Sites for Unlearning are discussed in "Unlearning Routines of the Impossible" co-edited by Annette Krauss and Janine Armin; "The Bureau of Care: Introductory Notes on the Care-less and Care-full" by iLiana Fokianaki (2020); "Elephants in the Room at Casco Art Institute" by Valentina Vella (2019); “Boiler Room Conversation” between Danny Butt, Nuraini Juliastuti, and Annette Krauss, MUMA (2019); Unlearning Exercises. Book, edited with Binna Choi, Yolande van der Heide and Liz Allan, published by Valiz and Casco Art Institute 2018; and Unlearning institutional habits: an arts-based perspective on organizational unlearning. Article in The Learning Organization 2019.

===Read-in===

Annette Krauss is co-founder of the cultural collective Read-in.
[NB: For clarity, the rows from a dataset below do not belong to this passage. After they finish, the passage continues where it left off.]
(* Let $m$ be an even positive integer. Then $|M_1^m|=|M_2^m|$.
   Context: With integers $x,z>0$, $y$: $M_1^m=\{\begin{bmatrix}x&y\\0&z\end{bmatrix}: xz=m,\ 0\leq y<z,\ \gcd(x,y,z)=1,\ x\text{ odd}\}$, $S_1^m=\{\begin{bmatrix}x&y\\0&z\end{bmatrix}: xz=m,\ 0\leq y<z,\ \gcd(x,y,z)=1,\ z\text{ odd}\}$, $S_2^m=\{2^{-1/2}\begin{bmatrix}x&y\\0&z\end{bmatrix}: xz=2m,\ 0\leq y<z,\ \gcd(x,y,z)=1,\ x,z\text{ even}\}$, $M_2^m=S_1^m\cup S_2^m$. *)

theory Defs
  imports "HOL-Analysis.Analysis"
begin

definition utmat :: "real \<Rightarrow> real \<Rightarrow> real \<Rightarrow> real^2^2" where
  "utmat x y z = vector [vector [x, y], vector [0, z]]"

definition M1 :: "int \<Rightarrow> (real^2^2) set" where
  "M1 m = {utmat (of_int x) (of_int y) (of_int z) | x y z.
      x > 0 \<and> z > 0 \<and> x * z = m \<and> 0 \<le> y \<and> y < z \<and> gcd (gcd x y) z = 1 \<and> odd x}"

definition S1 :: "int \<Rightarrow> (real^2^2) set" where
  "S1 m = {utmat (of_int x) (of_int y) (of_int z) | x y z.
      x > 0 \<and> z > 0 \<and> x * z = m \<and> 0 \<le> y \<and> y < z \<and> gcd (gcd x y) z = 1 \<and> odd z}"

definition S2 :: "int \<Rightarrow> (real^2^2) set" where
  "S2 m = {(1 / sqrt 2) *\<^sub>R utmat (of_int x) (of_int y) (of_int z) | x y z.
      x > 0 \<and> z > 0 \<and> x * z = 2 * m \<and> 0 \<le> y \<and> y < z \<and> gcd (gcd x y) z = 1
      \<and> even x \<and> even z}"

definition M2 :: "int \<Rightarrow> (real^2^2) set" where
  "M2 m = S1 m \<union> S2 m"

end

theory Submission
  imports Defs
begin

(* Matrices are encoded by integer triples (x, y, z) with x z = m, 0 <= y < z and
   gcd (x, y, z) = 1. Write A m, B m for the triples with x odd, resp. z odd, and E k for those
   with x and z even; the claim becomes |A m| = |B m| + |E (2 m)|. For odd m, A m = B m and
   E (2 m) is empty. Passing from n to m = 2 n, doubling x maps B n onto B m, while halving x
   identifies E (2 m) with the triples for m having z even and y odd; splitting these by the
   parity of x, and A m by the parity of y (the even part being A n via (x, y, z) |-> (x, 2y, 2z)),
   shows that |A m| and |E (2 m)| grow by the same amount, the triples with x and y odd. *)

lemma odd_gcd_if_odd: "odd (a :: int) \<or> odd b \<Longrightarrow> odd (gcd a b)"
  by (meson dvd_trans gcd_dvd1 gcd_dvd2)

lemma gcd_double_first:
  fixes x y z :: int
  assumes "odd (gcd y z)"
  shows "gcd (gcd (2 * x) y) z = gcd (gcd x y) z"
  using gcd_mult_left_left_cancel[of "gcd y z" 2 x] assms by (simp add: gcd.assoc)

lemma gcd_double_last_two:
  fixes x y z :: int
  assumes "odd x"
  shows "gcd (gcd x (2 * y)) (2 * z) = gcd (gcd x y) z"
proof -
  have "gcd (gcd x (2 * y)) (2 * z) = gcd x (2 * gcd y z)"
    using gcd_mult_distrib_int[of 2 y z] by (simp add: gcd.assoc)
  also have "\<dots> = gcd x (gcd y z)"
    using gcd_mult_left_left_cancel[of x 2 "gcd y z"] assms by (simp add: gcd.commute)
  finally show ?thesis by (simp add: gcd.assoc)
qed

lemma even_factor_if_mult_eq_double: "x * z = 2 * (m :: int) \<Longrightarrow> even x \<or> even z"
  by (metis dvd_triv_left even_mult_iff)

lemma odd_middle_if_coprime:
  fixes x y z :: int
  assumes "gcd (gcd x y) z = 1" "even x" "even z"
  shows "odd y"
proof
  assume "even y"
  with assms(2,3) have "2 dvd gcd (gcd x y) z" by simp
  with assms(1) show False by simp
qed

definition prim_triples :: "int \<Rightarrow> (int \<Rightarrow> int \<Rightarrow> int \<Rightarrow> bool) \<Rightarrow> (int \<times> int \<times> int) set" where
  "prim_triples m P = {(x, y, z). x > 0 \<and> z > 0 \<and> x * z = m \<and> 0 \<le> y \<and> y < z
      \<and> gcd (gcd x y) z = 1 \<and> P x y z}"

lemma finite_prim_triples: "finite (prim_triples m P)"
proof (rule finite_subset)
  show "prim_triples m P \<subseteq> {1..m} \<times> {0..m} \<times> {1..m}"
  proof
    fix t assume "t \<in> prim_triples m P"
    then obtain x y z where t: "t = (x, y, z)" and "0 < x" "0 < z" "x * z = m" "0 \<le> y" "y < z"
      by (auto simp: prim_triples_def)
    moreover have "x \<le> x * z" "z \<le> x * z"
      using \<open>0 < x\<close> \<open>0 < z\<close> by (simp_all add: mult_le_cancel_left1 mult_le_cancel_right1)
    ultimately show "t \<in> {1..m} \<times> {0..m} \<times> {1..m}" by auto
  qed
qed simp

lemma prim_triples_cong:
  assumes "\<And>x y z. x * z = m \<Longrightarrow> gcd (gcd x y) z = 1 \<Longrightarrow> P x y z \<longleftrightarrow> Q x y z"
  shows "prim_triples m P = prim_triples m Q"
  using assms by (auto simp: prim_triples_def)

lemma prim_triples_False: "prim_triples m (\<lambda>_ _ _. False) = {}"
  by (simp add: prim_triples_def)

lemma card_prim_triples_split:
  "card (prim_triples m P) =
     card (prim_triples m (\<lambda>x y z. P x y z \<and> Q x y z))
   + card (prim_triples m (\<lambda>x y z. P x y z \<and> \<not> Q x y z))"
proof -
  have "prim_triples m P =
      prim_triples m (\<lambda>x y z. P x y z \<and> Q x y z) \<union> prim_triples m (\<lambda>x y z. P x y z \<and> \<not> Q x y z)"
    by (auto simp: prim_triples_def)
  moreover have "prim_triples m (\<lambda>x y z. P x y z \<and> Q x y z)
      \<inter> prim_triples m (\<lambda>x y z. P x y z \<and> \<not> Q x y z) = {}"
    by (auto simp: prim_triples_def)
  ultimately show ?thesis
    using card_Un_disjoint[OF finite_prim_triples finite_prim_triples] by simp
qed

lemma prim_triples_even_even_eq_image:
  "prim_triples (2 * m) (\<lambda>x y z. even x \<and> even z)
     = (\<lambda>(x, y, z). (2 * x, y, z)) ` prim_triples m (\<lambda>x y z. even z \<and> odd y)"
proof (intro equalityI subsetI)
  fix t assume "t \<in> prim_triples (2 * m) (\<lambda>x y z. even x \<and> even z)"
  then obtain a y z where t: "t = (2 * a, y, z)" and
    h: "2 * a > 0" "z > 0" "2 * a * z = 2 * m" "0 \<le> y" "y < z" "gcd (gcd (2 * a) y) z = 1" "even z"
    by (auto simp: prim_triples_def elim!: evenE)
  then have "odd y" using odd_middle_if_coprime by fastforce
  with h have "(a, y, z) \<in> prim_triples m (\<lambda>x y z. even z \<and> odd y)"
    by (simp add: prim_triples_def gcd_double_first odd_gcd_if_odd)
  with t show "t \<in> (\<lambda>(x, y, z). (2 * x, y, z)) ` prim_triples m (\<lambda>x y z. even z \<and> odd y)"
    by force
next
  fix t assume "t \<in> (\<lambda>(x, y, z). (2 * x, y, z)) ` prim_triples m (\<lambda>x y z. even z \<and> odd y)"
  then show "t \<in> prim_triples (2 * m) (\<lambda>x y z. even x \<and> even z)"
    by (auto simp: prim_triples_def gcd_double_first odd_gcd_if_odd)
qed

lemma prim_triples_odd_last_eq_image:
  "prim_triples (2 * m) (\<lambda>x y z. odd z)
     = (\<lambda>(x, y, z). (2 * x, y, z)) ` prim_triples m (\<lambda>x y z. odd z)"
proof (intro equalityI subsetI)
  fix t assume "t \<in> prim_triples (2 * m) (\<lambda>x y z. odd z)"
  then obtain x y z where t: "t = (x, y, z)" and
    h: "x > 0" "z > 0" "x * z = 2 * m" "0 \<le> y" "y < z" "gcd (gcd x y) z = 1" "odd z"
    by (auto simp: prim_triples_def)
  then have "even x" using even_factor_if_mult_eq_double by blast
  then obtain a where a: "x = 2 * a" ..
  with h have "gcd (gcd a y) z = 1" by (metis gcd_double_first odd_gcd_if_odd)
  with h a have "(a, y, z) \<in> prim_triples m (\<lambda>x y z. odd z)"
    by (auto simp: prim_triples_def)
  with t a show "t \<in> (\<lambda>(x, y, z). (2 * x, y, z)) ` prim_triples m (\<lambda>x y z. odd z)"
    by force
next
  fix t assume "t \<in> (\<lambda>(x, y, z). (2 * x, y, z)) ` prim_triples m (\<lambda>x y z. odd z)"
  then show "t \<in> prim_triples (2 * m) (\<lambda>x y z. odd z)"
    by (auto simp: prim_triples_def gcd_double_first odd_gcd_if_odd)
qed

lemma prim_triples_odd_first_even_middle_eq_image:
  "prim_triples (2 * m) (\<lambda>x y z. odd x \<and> even y)
     = (\<lambda>(x, y, z). (x, 2 * y, 2 * z)) ` prim_triples m (\<lambda>x y z. odd x)"
proof (intro equalityI subsetI)
  fix t assume "t \<in> prim_triples (2 * m) (\<lambda>x y z. odd x \<and> even y)"
  then obtain x b z where t: "t = (x, 2 * b, z)" and
    h: "x > 0" "z > 0" "x * z = 2 * m" "0 \<le> b" "2 * b < z" "gcd (gcd x (2 * b)) z = 1" "odd x"
    by (auto simp: prim_triples_def elim!: evenE)
  then have "even z" using even_factor_if_mult_eq_double by blast
  then obtain c where c: "z = 2 * c" ..
  with h have "gcd (gcd x b) c = 1" by (metis gcd_double_last_two)
  with h c have "(x, b, c) \<in> prim_triples m (\<lambda>x y z. odd x)"
    by (auto simp: prim_triples_def)
  with t c show "t \<in> (\<lambda>(x, y, z). (x, 2 * y, 2 * z)) ` prim_triples m (\<lambda>x y z. odd x)"
    by force
next
  fix t assume "t \<in> (\<lambda>(x, y, z). (x, 2 * y, 2 * z)) ` prim_triples m (\<lambda>x y z. odd x)"
  then show "t \<in> prim_triples (2 * m) (\<lambda>x y z. odd x \<and> even y)"
    by (auto simp: prim_triples_def gcd_double_last_two)
qed

lemma card_prim_triples_even_even:
  "card (prim_triples (2 * m) (\<lambda>x y z. even x \<and> even z))
     = card (prim_triples m (\<lambda>x y z. even z \<and> odd y))"
  unfolding prim_triples_even_even_eq_image by (rule card_image) (auto simp: inj_on_def)

lemma card_prim_triples_odd_last_double:
  "card (prim_triples (2 * m) (\<lambda>x y z. odd z)) = card (prim_triples m (\<lambda>x y z. odd z))"
  unfolding prim_triples_odd_last_eq_image by (rule card_image) (auto simp: inj_on_def)

lemma card_prim_triples_odd_first_even_middle:
  "card (prim_triples (2 * m) (\<lambda>x y z. odd x \<and> even y)) = card (prim_triples m (\<lambda>x y z. odd x))"
  unfolding prim_triples_odd_first_even_middle_eq_image by (rule card_image) (auto simp: inj_on_def)

lemma prim_triples_odd_first_eq_odd_last:
  assumes "odd m"
  shows "prim_triples m (\<lambda>x y z. odd x) = prim_triples m (\<lambda>x y z. odd z)"
  by (rule prim_triples_cong) (use assms in auto)

lemma prim_triples_even_even_empty:
  assumes "odd m"
  shows "prim_triples (2 * m) (\<lambda>x y z. even x \<and> even z) = {}"
proof -
  have "\<not> (even x \<and> even z)" if "x * z = 2 * m" for x z :: int
  proof
    assume "even x \<and> even z"
    then obtain a c where "x = 2 * a" "z = 2 * c" by (auto elim!: evenE)
    with that have "m = 2 * (a * c)" by simp
    with assms show False by simp
  qed
  then show ?thesis
    by (simp add: prim_triples_cong[where Q = "\<lambda>_ _ _. False"] prim_triples_False)
qed

lemma card_prim_triples_double_step:
  "card (prim_triples (2 * m) (\<lambda>x y z. odd x)) + card (prim_triples (2 * m) (\<lambda>x y z. even x \<and> even z))
     = card (prim_triples m (\<lambda>x y z. odd x)) + card (prim_triples (4 * m) (\<lambda>x y z. even x \<and> even z))"
proof -
  let ?C = "prim_triples (2 * m) (\<lambda>x y z. odd x \<and> \<not> even y)"
  have "card (prim_triples (2 * m) (\<lambda>x y z. odd x)) = card (prim_triples m (\<lambda>x y z. odd x)) + card ?C"
    using card_prim_triples_split[of "2 * m" "\<lambda>x y z. odd x" "\<lambda>x y z. even y"]
    by (simp add: card_prim_triples_odd_first_even_middle)
  moreover have "card (prim_triples (4 * m) (\<lambda>x y z. even x \<and> even z))
      = card ?C + card (prim_triples (2 * m) (\<lambda>x y z. even x \<and> even z))"
  proof -
    have "prim_triples (2 * m) (\<lambda>x y z. (even z \<and> odd y) \<and> odd x) = ?C"
      by (rule prim_triples_cong) (auto dest: even_factor_if_mult_eq_double)
    moreover have "prim_triples (2 * m) (\<lambda>x y z. (even z \<and> odd y) \<and> \<not> odd x)
        = prim_triples (2 * m) (\<lambda>x y z. even x \<and> even z)"
      by (rule prim_triples_cong) (auto dest: odd_middle_if_coprime)
    ultimately show ?thesis
      using card_prim_triples_even_even[of "2 * m"]
        card_prim_triples_split[of "2 * m" "\<lambda>x y z. even z \<and> odd y" "\<lambda>x y z. odd x"]
      by simp
  qed
  ultimately show ?thesis by simp
qed

lemma card_prim_triples_odd_first:
  assumes "m > 0"
  shows "card (prim_triples m (\<lambda>x y z. odd x))
    = card (prim_triples m (\<lambda>x y z. odd z)) + card (prim_triples (2 * m) (\<lambda>x y z. even x \<and> even z))"
  using assms
proof (induction "nat m" arbitrary: m rule: less_induct)
  case less
  show ?case
  proof (cases "even m")
    case True
    then obtain n where m: "m = 2 * n" ..
    with less.prems have "n > 0" "nat n < nat m" by auto
    with less.hyps have "card (prim_triples n (\<lambda>x y z. odd x))
        = card (prim_triples n (\<lambda>x y z. odd z)) + card (prim_triples (2 * n) (\<lambda>x y z. even x \<and> even z))"
      by blast
    with card_prim_triples_double_step[of n] show ?thesis
      by (simp add: m card_prim_triples_odd_last_double)
  next
    case False
    then show ?thesis
      by (simp add: prim_triples_odd_first_eq_odd_last prim_triples_even_even_empty)
  qed
qed

definition int_utmat :: "int \<times> int \<times> int \<Rightarrow> real^2^2" where
  "int_utmat = (\<lambda>(x, y, z). utmat (of_int x) (of_int y) (of_int z))"

lemma utmat_nth: "utmat a b c $ 1 $ 1 = a" "utmat a b c $ 1 $ 2 = b" "utmat a b c $ 2 $ 2 = c"
  by (simp_all add: utmat_def)

lemma inj_int_utmat: "inj int_utmat"
  by (rule injI)
    (auto simp: int_utmat_def utmat_nth dest: arg_cong[where f = "\<lambda>A. (A $ 1 $ 1, A $ 1 $ 2, A $ 2 $ 2)"])

lemma image_split3: "{f x y z | x y z. P x y z} = (\<lambda>(x, y, z). f x y z) ` {(x, y, z). P x y z}"
  by (auto simp: image_iff) blast

lemma M1_eq_image: "M1 m = int_utmat ` prim_triples m (\<lambda>x y z. odd x)"
  unfolding M1_def prim_triples_def int_utmat_def by (simp add: image_split3)

lemma S1_eq_image: "S1 m = int_utmat ` prim_triples m (\<lambda>x y z. odd z)"
  unfolding S1_def prim_triples_def int_utmat_def by (simp add: image_split3)

lemma S2_eq_image:
  "S2 m = (\<lambda>t. (1 / sqrt 2) *\<^sub>R int_utmat t) ` prim_triples (2 * m) (\<lambda>x y z. even x \<and> even z)"
proof -
  have "(\<lambda>t. (1 / sqrt 2) *\<^sub>R int_utmat t)
      = (\<lambda>(x, y, z). (1 / sqrt 2) *\<^sub>R utmat (of_int x) (of_int y) (of_int z))"
    by (auto simp: int_utmat_def)
  then show ?thesis
    unfolding S2_def prim_triples_def image_split3 by (simp only:)
qed

text \<open>Comparing the \<open>(1, 2)\<close> entries gives \<open>y' = sqrt 2 * y\<close>, i.e.\ \<open>y'\<^sup>2 = 2 * y\<^sup>2\<close>,
  while \<open>y'\<close> is odd.\<close>

lemma S1_S2_disjoint: "S1 m \<inter> S2 m = {}"
proof (rule ccontr)
  assume "S1 m \<inter> S2 m \<noteq> {}"
  then obtain x y z x' y' z' where
    eq: "int_utmat (x, y, z) = (1 / sqrt 2) *\<^sub>R int_utmat (x', y', z')" and
    t': "(x', y', z') \<in> prim_triples (2 * m) (\<lambda>x y z. even x \<and> even z)"
    unfolding S1_eq_image S2_eq_image by auto
  from t' have "odd y'"
    by (auto simp: prim_triples_def intro: odd_middle_if_coprime)
  from arg_cong[OF eq, of "\<lambda>A. A $ 1 $ 2"] have "(of_int y :: real) = of_int y' / sqrt 2"
    by (simp add: int_utmat_def utmat_nth)
  then have "(of_int (2 * y\<^sup>2) :: real) = of_int (y'\<^sup>2)"
    by (simp add: power_divide)
  then have "y'\<^sup>2 = 2 * y\<^sup>2" by linarith
  with \<open>odd y'\<close> show False
    by (metis dvd_triv_left even_power zero_less_numeral)
qed

theorem lemma2p6:
  fixes m :: int
  assumes "m > 0" and "even m"
  shows "card (M1 m) = card (M2 m)"
proof -
  have inj_scaled: "inj (\<lambda>t. (1 / sqrt 2) *\<^sub>R int_utmat t)"
    using inj_int_utmat by (simp add: inj_def)
  have "finite (S1 m)" "finite (S2 m)"
    by (simp_all add: S1_eq_image S2_eq_image finite_prim_triples)
  then have "card (M2 m) = card (S1 m) + card (S2 m)"
    unfolding M2_def by (rule card_Un_disjoint) (rule S1_S2_disjoint)
  also have "\<dots> = card (prim_triples m (\<lambda>x y z. odd z))
      + card (prim_triples (2 * m) (\<lambda>x y z. even x \<and> even z))"
    unfolding S1_eq_image S2_eq_image
    using card_image[OF inj_on_subset[OF inj_int_utmat]] card_image[OF inj_on_subset[OF inj_scaled]]
    by simp
  also have "\<dots> = card (M1 m)"
    unfolding M1_eq_image
    using card_image[OF inj_on_subset[OF inj_int_utmat]] card_prim_triples_odd_first[OF \<open>m > 0\<close>]
    by simp
  finally show ?thesis by simp
qed

end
Feminist Search Tools. Artistic Research Project with fellow Read-in members Sven Engels and Laura Pardo, Hackers & Designers members André Fincato and Anja Groten, and Ola Hassanain, Aggeliki Diakrousi and Alice Strete.

Haunted Bookshelves_In Circulation. Part of Hauntopia/What if?, exhibition and Conference at Research Pavillon Venice 2017.

===Spaces of Commoning===

Spaces of Commoning: Artistic Research and the Utopia of the Everyday. Book, edited with Anette Baldauf, Stefan Gruber, Moira Hille, Vladimir Miller, Mara Verlič, Hong-Kai Wang and Julia Wieger, published by Sternberg Press 2016.

Study of/as Commoning. Article with Anette Baldauf, Vladimir Miller, Mara Verlic, Moira Hille, Hong-Kai Wang, Mihret Kebede Alwabie, Julia Wieger, Tesfaye Beri Bekele and Stefan Gruber in Journal for Artistic Research 2019.